(Record excerpts begins)
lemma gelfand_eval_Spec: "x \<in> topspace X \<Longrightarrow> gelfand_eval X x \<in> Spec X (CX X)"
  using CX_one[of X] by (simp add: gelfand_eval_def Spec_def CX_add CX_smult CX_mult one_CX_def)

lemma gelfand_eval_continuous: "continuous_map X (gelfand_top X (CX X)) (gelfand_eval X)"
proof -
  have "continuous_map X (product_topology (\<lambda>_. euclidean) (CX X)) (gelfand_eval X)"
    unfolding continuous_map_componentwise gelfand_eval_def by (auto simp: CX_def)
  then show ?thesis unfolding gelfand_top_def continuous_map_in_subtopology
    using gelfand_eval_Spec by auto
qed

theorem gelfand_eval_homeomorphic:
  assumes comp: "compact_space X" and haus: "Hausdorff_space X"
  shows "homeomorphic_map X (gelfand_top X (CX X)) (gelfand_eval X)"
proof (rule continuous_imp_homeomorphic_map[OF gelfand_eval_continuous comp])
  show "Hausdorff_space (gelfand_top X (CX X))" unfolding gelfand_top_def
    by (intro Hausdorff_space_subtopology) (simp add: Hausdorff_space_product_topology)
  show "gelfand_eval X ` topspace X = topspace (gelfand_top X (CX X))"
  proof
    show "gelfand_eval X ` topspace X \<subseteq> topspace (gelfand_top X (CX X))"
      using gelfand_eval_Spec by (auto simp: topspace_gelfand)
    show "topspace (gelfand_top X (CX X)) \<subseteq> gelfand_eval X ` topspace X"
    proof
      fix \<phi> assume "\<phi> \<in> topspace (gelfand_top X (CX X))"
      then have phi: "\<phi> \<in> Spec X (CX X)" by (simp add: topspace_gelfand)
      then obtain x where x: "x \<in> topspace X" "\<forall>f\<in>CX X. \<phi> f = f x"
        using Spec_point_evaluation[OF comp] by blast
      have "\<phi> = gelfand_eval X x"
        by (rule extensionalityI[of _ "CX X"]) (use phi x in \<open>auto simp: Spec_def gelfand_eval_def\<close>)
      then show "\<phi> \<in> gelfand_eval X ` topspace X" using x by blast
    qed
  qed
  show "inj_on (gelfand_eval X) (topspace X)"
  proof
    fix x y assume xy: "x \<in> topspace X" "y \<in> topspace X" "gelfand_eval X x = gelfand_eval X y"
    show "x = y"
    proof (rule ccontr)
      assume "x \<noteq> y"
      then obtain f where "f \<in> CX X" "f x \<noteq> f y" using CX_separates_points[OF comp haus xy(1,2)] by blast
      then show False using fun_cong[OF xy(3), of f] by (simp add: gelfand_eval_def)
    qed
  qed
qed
(Record excerpts ends)
(Record excerpts begins)
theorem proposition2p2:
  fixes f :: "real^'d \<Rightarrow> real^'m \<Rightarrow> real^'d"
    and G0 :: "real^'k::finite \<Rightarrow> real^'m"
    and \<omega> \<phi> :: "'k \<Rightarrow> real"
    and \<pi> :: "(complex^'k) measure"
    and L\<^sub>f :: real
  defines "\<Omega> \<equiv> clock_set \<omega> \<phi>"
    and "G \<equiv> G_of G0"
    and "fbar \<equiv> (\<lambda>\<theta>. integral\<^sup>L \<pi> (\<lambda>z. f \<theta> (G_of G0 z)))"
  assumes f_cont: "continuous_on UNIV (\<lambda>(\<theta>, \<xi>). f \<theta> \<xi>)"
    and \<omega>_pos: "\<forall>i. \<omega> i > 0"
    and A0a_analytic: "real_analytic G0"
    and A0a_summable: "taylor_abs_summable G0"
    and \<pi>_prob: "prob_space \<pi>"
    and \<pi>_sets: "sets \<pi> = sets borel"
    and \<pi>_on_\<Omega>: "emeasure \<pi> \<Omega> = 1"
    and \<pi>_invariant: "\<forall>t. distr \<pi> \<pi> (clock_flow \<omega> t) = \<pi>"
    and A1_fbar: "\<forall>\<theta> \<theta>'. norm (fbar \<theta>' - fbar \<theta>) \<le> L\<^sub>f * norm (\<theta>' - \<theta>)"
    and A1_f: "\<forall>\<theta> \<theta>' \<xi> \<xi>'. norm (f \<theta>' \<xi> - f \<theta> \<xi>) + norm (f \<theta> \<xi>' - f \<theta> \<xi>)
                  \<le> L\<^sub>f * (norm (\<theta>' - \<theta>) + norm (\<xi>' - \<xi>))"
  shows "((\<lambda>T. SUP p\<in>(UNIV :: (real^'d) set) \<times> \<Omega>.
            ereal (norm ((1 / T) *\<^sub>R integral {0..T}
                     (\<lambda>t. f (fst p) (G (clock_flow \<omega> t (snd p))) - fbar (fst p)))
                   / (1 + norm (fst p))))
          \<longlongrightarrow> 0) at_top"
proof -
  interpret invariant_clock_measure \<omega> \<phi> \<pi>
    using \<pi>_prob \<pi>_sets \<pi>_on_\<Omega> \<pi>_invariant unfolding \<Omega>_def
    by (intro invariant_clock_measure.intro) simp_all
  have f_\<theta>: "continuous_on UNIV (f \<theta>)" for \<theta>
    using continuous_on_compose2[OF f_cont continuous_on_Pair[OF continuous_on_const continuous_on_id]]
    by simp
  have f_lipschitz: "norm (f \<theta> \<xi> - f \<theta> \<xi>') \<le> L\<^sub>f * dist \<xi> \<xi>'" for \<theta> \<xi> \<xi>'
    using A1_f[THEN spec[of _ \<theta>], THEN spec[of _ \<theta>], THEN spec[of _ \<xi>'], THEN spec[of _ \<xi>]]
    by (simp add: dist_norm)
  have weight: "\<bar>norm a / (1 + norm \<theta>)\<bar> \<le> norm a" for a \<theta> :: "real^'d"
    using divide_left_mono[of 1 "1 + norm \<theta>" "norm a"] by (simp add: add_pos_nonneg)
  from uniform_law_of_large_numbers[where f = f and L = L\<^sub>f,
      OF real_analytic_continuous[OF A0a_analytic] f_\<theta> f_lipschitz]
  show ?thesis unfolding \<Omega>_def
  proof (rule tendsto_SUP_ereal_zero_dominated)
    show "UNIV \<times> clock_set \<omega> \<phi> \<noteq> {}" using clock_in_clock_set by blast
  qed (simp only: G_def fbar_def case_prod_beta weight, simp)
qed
(Record excerpts ends)
▶ **Task objective**
The required answer is the exact run of lines above starting at the line with "norm (fst p))))" and ending at the line with "by (intro invariant_clock_measure.intro)", with both ends present.

▶ **Response below**
                   / (1 + norm (fst p))))
          \<longlongrightarrow> 0) at_top"
proof -
  interpret invariant_clock_measure \<omega> \<phi> \<pi>
    using \<pi>_prob \<pi>_sets \<pi>_on_\<Omega> \<pi>_invariant unfolding \<Omega>_def
    by (intro invariant_clock_measure.intro) simp_all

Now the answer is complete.